Doing both for 8000 instances I got from ~10 to ~180 fps.
I’ve followed your advice, and here are my findings:
Removing the nodes and using code, just by itself, gave a performance boost.
Using Node2D.position as a variable was slower than using my own pos. As I wasn’t using it other than for scripts, it works out fine. It would break physics if I had any.
RenderingServer.canvas_item_add_rect() is very slow and cannot be used for thousands of items. Using canvas_item_add_texture_rect() with solid colored textures is better.
I wanted my entities to move, so set_process(false) didn’t work for me. I ended up using staggered updates (entities update in batches of around 1000 per frame). That limits the performance impact of the process function.
The results are staggering! From 2000 units at 20fps to 2000 at 350fps and 10000 at 60fps.
Btw why bruteforce this? You don’t really expect having 10000 units on the screen at any given time? And what’s not on screen should be treated differently than what’s on screen. That may be your primary line of further optimization, i.e. decouple the visual representation from the model.
Upon further investigation, we were missing something else. There wasn’t a problem with RenderingServer.canvas_item_add_rect, nor canvas_item_add_texture_rect is a magic bullet. The draw calls change from 20000 to 16 because we were using the same texture for the healthbar as for the creature in our testing. As soon as you use another texture, draw calls shoot up to 20000 again.
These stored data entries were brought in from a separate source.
(* Let $m\in\mathbb{N}$ and let $(Y^n_u)_{u\in\mathbb{R}^m_+}$, $n\in\mathbb{N}$, and $(Y_u)_{u\in\mathbb{R}^m_+}$ be real-valued random fields with continuous paths such that $Y^n\to Y$ in the sense of finite-dimensional distributions as $n\to\infty$. Assume $\int_{\mathbb{R}^m_+}\mathbb{E}|Y^n_u|\,\mathrm{d}u<\infty$ for all $n$ and $\int_{\mathbb{R}^m_+}\mathbb{E}|Y_u|\,\mathrm{d}u<\infty$. For $k,\ell,n\in\mathbb{N}$ set $$X_{n,k,\ell}=\int_{[0,\ell]^m}Y^n_{\lfloor uk\rfloor/k}\,\mathrm{d}u,\qquad X_{n,\ell}=\int_{[0,\ell]^m}Y^n_u\,\mathrm{d}u,$$ where $\lfloor u\rfloor=(\lfloor u_1\rfloor,\dots,\lfloor u_m\rfloor)$ componentwise. Suppose that for every $i\in\{0,\dots,m-1\}$ $$\lim_{\ell\to\infty}\limsup_{n\to\infty}\int_{\{u\in\mathbb{R}^m_+:\,u_{i+1}\ge\ell\}}\mathbb{E}|Y^n_u|\,\mathrm{d}u=0,$$ and that for all $\varepsilon>0$ and $\ell>0$ $$\lim_{k\to\infty}\limsup_{n\to\infty}\mathbb{P}\big(|X_{n,k,\ell}-X_{n,\ell}|>\varepsilon\big)=0.$$ Then $\int_{\mathbb{R}^m_+}Y^n_u\,\mathrm{d}u\xrightarrow{d}\int_{\mathbb{R}^m_+}Y_u\,\mathrm{d}u$ as $n\to\infty$.
   Context: $\lfloor x\rfloor$ denotes the largest integer $l$ with $l\le x$. *)

theory Defs
  imports "HOL-Probability.Probability"
begin

definition conv_distr ::
  "(nat \<Rightarrow> 'a measure) \<Rightarrow> (nat \<Rightarrow> 'a \<Rightarrow> 'c::topological_space) \<Rightarrow> 'b measure \<Rightarrow> ('b \<Rightarrow> 'c) \<Rightarrow> bool"
where
  "conv_distr M X N Z \<longleftrightarrow>
     (\<forall>f :: 'c \<Rightarrow> real. continuous_on UNIV f \<longrightarrow> bounded (range f) \<longrightarrow>
        (\<lambda>n. \<integral>\<omega>. f (X n \<omega>) \<partial>M n) \<longlonglongrightarrow> (\<integral>\<omega>. f (Z \<omega>) \<partial>N))"

text \<open>Convergence of finite-dimensional distributions of random fields indexed by T:
  for every finite list of points t 0, ..., t (k-1) in T, the random vector
  (Y n (t 0), ..., Y n (t (k-1))) converges in distribution (vectors are embedded in
  nat => real with the product topology, padded by zeros).\<close>
definition fdd_conv ::
  "(nat \<Rightarrow> 'a measure) \<Rightarrow> (nat \<Rightarrow> 'i \<Rightarrow> 'a \<Rightarrow> real) \<Rightarrow> 'b measure \<Rightarrow> ('i \<Rightarrow> 'b \<Rightarrow> real) \<Rightarrow> 'i set \<Rightarrow> bool"
where
  "fdd_conv M Y N Z T \<longleftrightarrow>
     (\<forall>(k::nat) (t::nat \<Rightarrow> 'i). (\<forall>i<k. t i \<in> T) \<longrightarrow>
        conv_distr M (\<lambda>n \<omega>. (\<lambda>i. if i < k then Y n (t i) \<omega> else 0))
                   N (\<lambda>\<omega>. (\<lambda>i. if i < k then Z (t i) \<omega> else 0)))"

definition orthant :: "(real ^ 'm) set" where
  "orthant = {u. \<forall>j. 0 \<le> u $ j}"

end

theory Submission
  imports Defs
begin

(* Write S_n, S for the integrals of Y^n, Y over the orthant, X_{n,L} for the integral over the
   cube [0,L]^m and X_{n,k,L} for the integral over the cube of the grid discretisation
   u |-> Y^n(floor(u k) / k).  The discretised integrand is piecewise constant, so X_{n,k,L} is a
   finite linear combination of point values of Y^n and fdd convergence gives
   X_{n,k,L} -> X_{k,L} in distribution.  For the limit field, continuity of the paths gives
   X_{k,L} -> X_L as k -> oo and integrability gives X_L -> S as L -> oo, almost surely.  For the
   sequence, Markov's inequality and the tail hypothesis bound P(|S_n - X_{n,L}| > e), and the
   discretisation hypothesis bounds P(|X_{n,L} - X_{n,k,L}| > e), uniformly for large n.
   Billingsley's approximation theorem, tested against the bounded Lipschitz functions cts_step,
   turns this into S_n -> S in distribution. *)

section \<open>Grid discretisation of the orthant\<close>

text \<open>For \<open>k = 0\<close> the division by zero gives \<open>grid_floor 0 u = 0\<close>.\<close>

definition grid_floor :: "nat \<Rightarrow> real ^ 'm \<Rightarrow> real ^ 'm" where
  "grid_floor k u = (\<chi> j. real_of_int \<lfloor>u $ j * real k\<rfloor> / real k)"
Turns out, this is a batching problem. I found an article in the 3.5 documentation (seems to no longer be there for stable) that explains this.
When using 2 textures, or a texture and a rect, the CPU had to call the GPU each time: draw this texture, draw this rect, draw this texture, draw this rect…
The solution is to “force” batching. You can do that by having all of the textures in a CanvasLayer and the rects in another, or by changing their Z-Index so they all match. More info here.
I ended up using a Z-Index for the sprites and another one for the 2 rects that make up the healthbar.
You may still want to though. The idea is not to store data per allocated object but group each relevant property into a continuous arrays to maximize cpu cache hits when iterating. You also might want to iterate with something faster than GDScript, at least C# or native code for the maximum performance.
Btw, what type of game this is with 10000 units visible on screen? How do you control that many units as a player?